Goal of the exercise:
Retype every entry precisely and keep each line whole.
── Task inputs
type_synonym grpring = "(nat \<Rightarrow> nat) \<Rightarrow> int"

definition gdelta :: "(nat \<Rightarrow> nat) \<Rightarrow> grpring" where
  "gdelta w = (\<lambda>v. if v = w then 1 else 0)"

text \<open>Multiplication: the product of basis elements u and v is u \<circ> v.\<close>
definition gmul :: "grpring \<Rightarrow> grpring \<Rightarrow> grpring" where
  "gmul f g = (\<lambda>w. \<Sum>u\<in>S4. f u * g (inv u \<circ> w))"

primrec gpow :: "grpring \<Rightarrow> nat \<Rightarrow> grpring" where
  "gpow f 0 = gdelta id"
| "gpow f (Suc n) = gmul f (gpow f n)"

definition JM :: "nat \<Rightarrow> grpring" where
  "JM i = (\<lambda>w. \<Sum>k\<in>{1..<i}. gdelta (transpose k i) w)"

definition JM_monomial :: "(nat \<Rightarrow> nat) \<Rightarrow> grpring" where
  "JM_monomial a = foldr (\<lambda>k acc. gmul (gpow (JM k) (a k)) acc) [1,2,3,4] (gdelta id)"

definition pad4 :: "nat list \<Rightarrow> nat \<Rightarrow> nat" where
  "pad4 mu k = (if 1 \<le> k \<and> k \<le> length mu then mu ! (k - 1) else 0)"

definition rearrangements :: "nat list \<Rightarrow> (nat \<Rightarrow> nat) set" where
  "rearrangements mu = {a. \<exists>\<sigma>. \<sigma> permutes {1..4} \<and>
      (\<forall>k. a k = (if k \<in> {1..4} then pad4 mu (\<sigma> k) else 0))}"

definition m_JM :: "nat list \<Rightarrow> grpring" where
  "m_JM mu = (\<lambda>w. \<Sum>a\<in>rearrangements mu. JM_monomial a w)"

definition s1 :: "nat \<Rightarrow> nat" where "s1 = transpose 1 2"
definition s2 :: "nat \<Rightarrow> nat" where "s2 = transpose 2 3"
definition s3 :: "nat \<Rightarrow> nat" where "s3 = transpose 3 4"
────
Task response:
type_synonym grpring = "(nat \<Rightarrow> nat) \<Rightarrow> int"

definition gdelta :: "(nat \<Rightarrow> nat) \<Rightarrow> grpring" where
  "gdelta w = (\<lambda>v. if v = w then 1 else 0)"

text \<open>Multiplication: the product of basis elements u and v is u \<circ> v.\<close>
definition gmul :: "grpring \<Rightarrow> grpring \<Rightarrow> grpring" where
  "gmul f g = (\<lambda>w. \<Sum>u\<in>S4. f u * g (inv u \<circ> w))"

primrec gpow :: "grpring \<Rightarrow> nat \<Rightarrow> grpring" where
  "gpow f 0 = gdelta id"
| "gpow f (Suc n) = gmul f (gpow f n)"

definition JM :: "nat \<Rightarrow> grpring" where
  "JM i = (\<lambda>w. \<Sum>k\<in>{1..<i}. gdelta (transpose k i) w)"

definition JM_monomial :: "(nat \<Rightarrow> nat) \<Rightarrow> grpring" where
  "JM_monomial a = foldr (\<lambda>k acc. gmul (gpow (JM k) (a k)) acc) [1,2,3,4] (gdelta id)"

definition pad4 :: "nat list \<Rightarrow> nat \<Rightarrow> nat" where
  "pad4 mu k = (if 1 \<le> k \<and> k \<le> length mu then mu ! (k - 1) else 0)"

definition rearrangements :: "nat list \<Rightarrow> (nat \<Rightarrow> nat) set" where
  "rearrangements mu = {a. \<exists>\<sigma>. \<sigma> permutes {1..4} \<and>
      (\<forall>k. a k = (if k \<in> {1..4} then pad4 mu (\<sigma> k) else 0))}"

definition m_JM :: "nat list \<Rightarrow> grpring" where
  "m_JM mu = (\<lambda>w. \<Sum>a\<in>rearrangements mu. JM_monomial a w)"

definition s1 :: "nat \<Rightarrow> nat" where "s1 = transpose 1 2"
definition s2 :: "nat \<Rightarrow> nat" where "s2 = transpose 2 3"
definition s3 :: "nat \<Rightarrow> nat" where "s3 = transpose 3 4"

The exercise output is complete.